▶ [Assigned task] Output the full listing exactly, character for character.

******

(* (i) $\mathrm{Box}(\Sigma_+)\setminus\mathrm{Box}(\Sigma^{es}_+)=\mathrm{Box}(\Sigma_-)\setminus\mathrm{Box}(\Sigma^{es}_-)$; moreover, for any $v$ in these sets, written $v=\sum_jq_jv_j$ with $0\le q_j<1$ and $q_j=0$ if $\mathbb R_{\ge0}v_j\not\prec\sigma(v)$, the minimal cone $\sigma(v)$ containing $v$ is the same in $\Sigma_+$ and $\Sigma_-$, and the associated $n$-tuples of roots of unity $(y^v_1,\dots,y^v_n)$, $y^v_j=e^{2\pi iq_j}$, are the same. (ii) For any $v\in\mathrm{Box}(\Sigma^{es}_+)$ with associated $y^v$ (computed in $\Sigma_+$) and any $t\in\mathcal I(y^v)$, the $n$-tuple $(y^v_1t^{h_1},\dots,y^v_nt^{h_n})$ equals $y^{v'}$ (computed in $\Sigma_-$) for some $v'\in\mathrm{Box}(\Sigma^{es}_-)$, i.e. determines the maximal ideal of $K_0(\mathbb P_{\Sigma_-},\mathbb C)$ corresponding to an element of $\mathrm{Box}(\Sigma^{es}_-)$; moreover every $n$-tuple $y^{v'}$ with $v'\in\mathrm{Box}(\Sigma^{es}_-)$ arises in this way for suitable $v\in\mathrm{Box}(\Sigma^{es}_+)$ and $t\in\mathcal I(y^v)$.
   Context: $N\cong\mathbb Z^d$ lattice, $\mathcal A=\{v_1,\dots,v_n\}\subset N$ generating $N$ with a homomorphism $\mathrm h:N\to\mathbb Z$, $\mathrm h(v_j)=1$; $\mathbb L=\{l\in\mathbb Z^n:\sum l_jv_j=0\}$; $\Delta=\mathrm{Conv}(\mathcal A)$. $\Sigma_+,\Sigma_-$ are the simplicial fans supported on $\mathbb R_{\ge0}\Delta$ induced by two regular triangulations of $\Delta$ with vertices in $\mathcal A$ that are joined by an edge of the secondary polytope. There is a circuit $I\subset\mathcal A$ with a primitive relation $h=(h_1,\dots,h_n)\in\mathbb L$ ($\sum h_jv_j=0$, $I=\{v_j:h_j\ne0\}$), $I_\pm=\{v_j:\pm h_j>0\}$, such that, calling $\mathcal F\subset\mathcal A\setminus I$ separating if $\mathcal F\cup(I\setminus\{v\})$ generates a maximal cone of $\Sigma_\pm$ for every $v\in I_\pm$, $\Sigma_-$ is obtained from $\Sigma_+$ by replacing all maximal cones generated by $\mathcal F\cup(I\setminus\{v\})$, $v\in I_+$, with the cones generated by $\mathcal F\cup(I\setminus\{v\})$, $v\in I_-$, for all separating $\mathcal F$. Maximal cones of $\Sigma_\pm$ of the form $\mathcal F\cup(I\setminus\{v\})$ ($\mathcal F$ separating, $v\in I_\pm$) are called essential; $\Sigma^{es}_\pm(d)$ is the set of them. For a fan $\Sigma$, $\mathrm{Box}(\Sigma)$ is the set of $v\in N$ with $v=\sum q_jv_j$, $0\le q_j<1$, $q_j=0$ unless $v_j$ spans a ray of a fixed maximal cone; $\sigma(v)$ is the smallest cone containing $v$; $y^v_j=e^{2\pi iq_j}$. $\mathrm{Box}(\Sigma^{es}_\pm)$ is the set of $v\in\mathrm{Box}(\Sigma_\pm)$ whose $\sigma(v)$ is a face of some essential maximal cone. For $r\in(\mathbb C^* )^n$, $\mathcal I(r)$ is the set of $t\in\mathbb C^*$ such that $r_jt^{h_j}=1$ for some $j$ with $v_j\in I_-$. (The maximal ideals of $K_0(\mathbb P_{\Sigma_-},\mathbb C)=\mathbb C[R_j^{\pm1}]/(\text{relations})$ are $(R_j-y^{v'}_j)_j$, $v'\in\mathrm{Box}(\Sigma_-)$.) *)

theory Defs
  imports "HOL-Analysis.Analysis"
begin

text \<open>Lattice N = int^'d (d = CARD('d)); the configuration A is given by the
  vectors v 0, ..., v (n-1).  Cones, fans and triangulations are encoded through
  index sets S of {..<n}.\<close>

definition rv :: "int^'d \<Rightarrow> real^'d" where
  "rv x = (\<chi> i. real_of_int (x$i))"

definition rcone :: "(nat \<Rightarrow> int^'d) \<Rightarrow> nat set \<Rightarrow> (real^'d) set" where
  "rcone v F = {y. \<exists>a. (\<forall>j\<in>F. 0 \<le> a j) \<and> y = (\<Sum>j\<in>F. a j *\<^sub>R rv (v j))}"

definition lin_indep_idx :: "(nat \<Rightarrow> int^'d) \<Rightarrow> nat set \<Rightarrow> bool" where
  "lin_indep_idx v F \<longleftrightarrow>
     (\<forall>c. (\<Sum>j\<in>F. c j *\<^sub>R rv (v j)) = 0 \<longrightarrow> (\<forall>j\<in>F. c j = 0))"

******

▶ [Written response]
(* (i) $\mathrm{Box}(\Sigma_+)\setminus\mathrm{Box}(\Sigma^{es}_+)=\mathrm{Box}(\Sigma_-)\setminus\mathrm{Box}(\Sigma^{es}_-)$; moreover, for any $v$ in these sets, written $v=\sum_jq_jv_j$ with $0\le q_j<1$ and $q_j=0$ if $\mathbb R_{\ge0}v_j\not\prec\sigma(v)$, the minimal cone $\sigma(v)$ containing $v$ is the same in $\Sigma_+$ and $\Sigma_-$, and the associated $n$-tuples of roots of unity $(y^v_1,\dots,y^v_n)$, $y^v_j=e^{2\pi iq_j}$, are the same. (ii) For any $v\in\mathrm{Box}(\Sigma^{es}_+)$ with associated $y^v$ (computed in $\Sigma_+$) and any $t\in\mathcal I(y^v)$, the $n$-tuple $(y^v_1t^{h_1},\dots,y^v_nt^{h_n})$ equals $y^{v'}$ (computed in $\Sigma_-$) for some $v'\in\mathrm{Box}(\Sigma^{es}_-)$, i.e. determines the maximal ideal of $K_0(\mathbb P_{\Sigma_-},\mathbb C)$ corresponding to an element of $\mathrm{Box}(\Sigma^{es}_-)$; moreover every $n$-tuple $y^{v'}$ with $v'\in\mathrm{Box}(\Sigma^{es}_-)$ arises in this way for suitable $v\in\mathrm{Box}(\Sigma^{es}_+)$ and $t\in\mathcal I(y^v)$.
   Context: $N\cong\mathbb Z^d$ lattice, $\mathcal A=\{v_1,\dots,v_n\}\subset N$ generating $N$ with a homomorphism $\mathrm h:N\to\mathbb Z$, $\mathrm h(v_j)=1$; $\mathbb L=\{l\in\mathbb Z^n:\sum l_jv_j=0\}$; $\Delta=\mathrm{Conv}(\mathcal A)$. $\Sigma_+,\Sigma_-$ are the simplicial fans supported on $\mathbb R_{\ge0}\Delta$ induced by two regular triangulations of $\Delta$ with vertices in $\mathcal A$ that are joined by an edge of the secondary polytope. There is a circuit $I\subset\mathcal A$ with a primitive relation $h=(h_1,\dots,h_n)\in\mathbb L$ ($\sum h_jv_j=0$, $I=\{v_j:h_j\ne0\}$), $I_\pm=\{v_j:\pm h_j>0\}$, such that, calling $\mathcal F\subset\mathcal A\setminus I$ separating if $\mathcal F\cup(I\setminus\{v\})$ generates a maximal cone of $\Sigma_\pm$ for every $v\in I_\pm$, $\Sigma_-$ is obtained from $\Sigma_+$ by replacing all maximal cones generated by $\mathcal F\cup(I\setminus\{v\})$, $v\in I_+$, with the cones generated by $\mathcal F\cup(I\setminus\{v\})$, $v\in I_-$, for all separating $\mathcal F$. Maximal cones of $\Sigma_\pm$ of the form $\mathcal F\cup(I\setminus\{v\})$ ($\mathcal F$ separating, $v\in I_\pm$) are called essential; $\Sigma^{es}_\pm(d)$ is the set of them. For a fan $\Sigma$, $\mathrm{Box}(\Sigma)$ is the set of $v\in N$ with $v=\sum q_jv_j$, $0\le q_j<1$, $q_j=0$ unless $v_j$ spans a ray of a fixed maximal cone; $\sigma(v)$ is the smallest cone containing $v$; $y^v_j=e^{2\pi iq_j}$. $\mathrm{Box}(\Sigma^{es}_\pm)$ is the set of $v\in\mathrm{Box}(\Sigma_\pm)$ whose $\sigma(v)$ is a face of some essential maximal cone. For $r\in(\mathbb C^* )^n$, $\mathcal I(r)$ is the set of $t\in\mathbb C^*$ such that $r_jt^{h_j}=1$ for some $j$ with $v_j\in I_-$. (The maximal ideals of $K_0(\mathbb P_{\Sigma_-},\mathbb C)=\mathbb C[R_j^{\pm1}]/(\text{relations})$ are $(R_j-y^{v'}_j)_j$, $v'\in\mathrm{Box}(\Sigma_-)$.) *)

theory Defs
  imports "HOL-Analysis.Analysis"
begin

text \<open>Lattice N = int^'d (d = CARD('d)); the configuration A is given by the
  vectors v 0, ..., v (n-1).  Cones, fans and triangulations are encoded through
  index sets S of {..<n}.\<close>

definition rv :: "int^'d \<Rightarrow> real^'d" where
  "rv x = (\<chi> i. real_of_int (x$i))"

definition rcone :: "(nat \<Rightarrow> int^'d) \<Rightarrow> nat set \<Rightarrow> (real^'d) set" where
  "rcone v F = {y. \<exists>a. (\<forall>j\<in>F. 0 \<le> a j) \<and> y = (\<Sum>j\<in>F. a j *\<^sub>R rv (v j))}"

definition lin_indep_idx :: "(nat \<Rightarrow> int^'d) \<Rightarrow> nat set \<Rightarrow> bool" where
  "lin_indep_idx v F \<longleftrightarrow>
     (\<forall>c. (\<Sum>j\<in>F. c j *\<^sub>R rv (v j)) = 0 \<longrightarrow> (\<forall>j\<in>F. c j = 0))"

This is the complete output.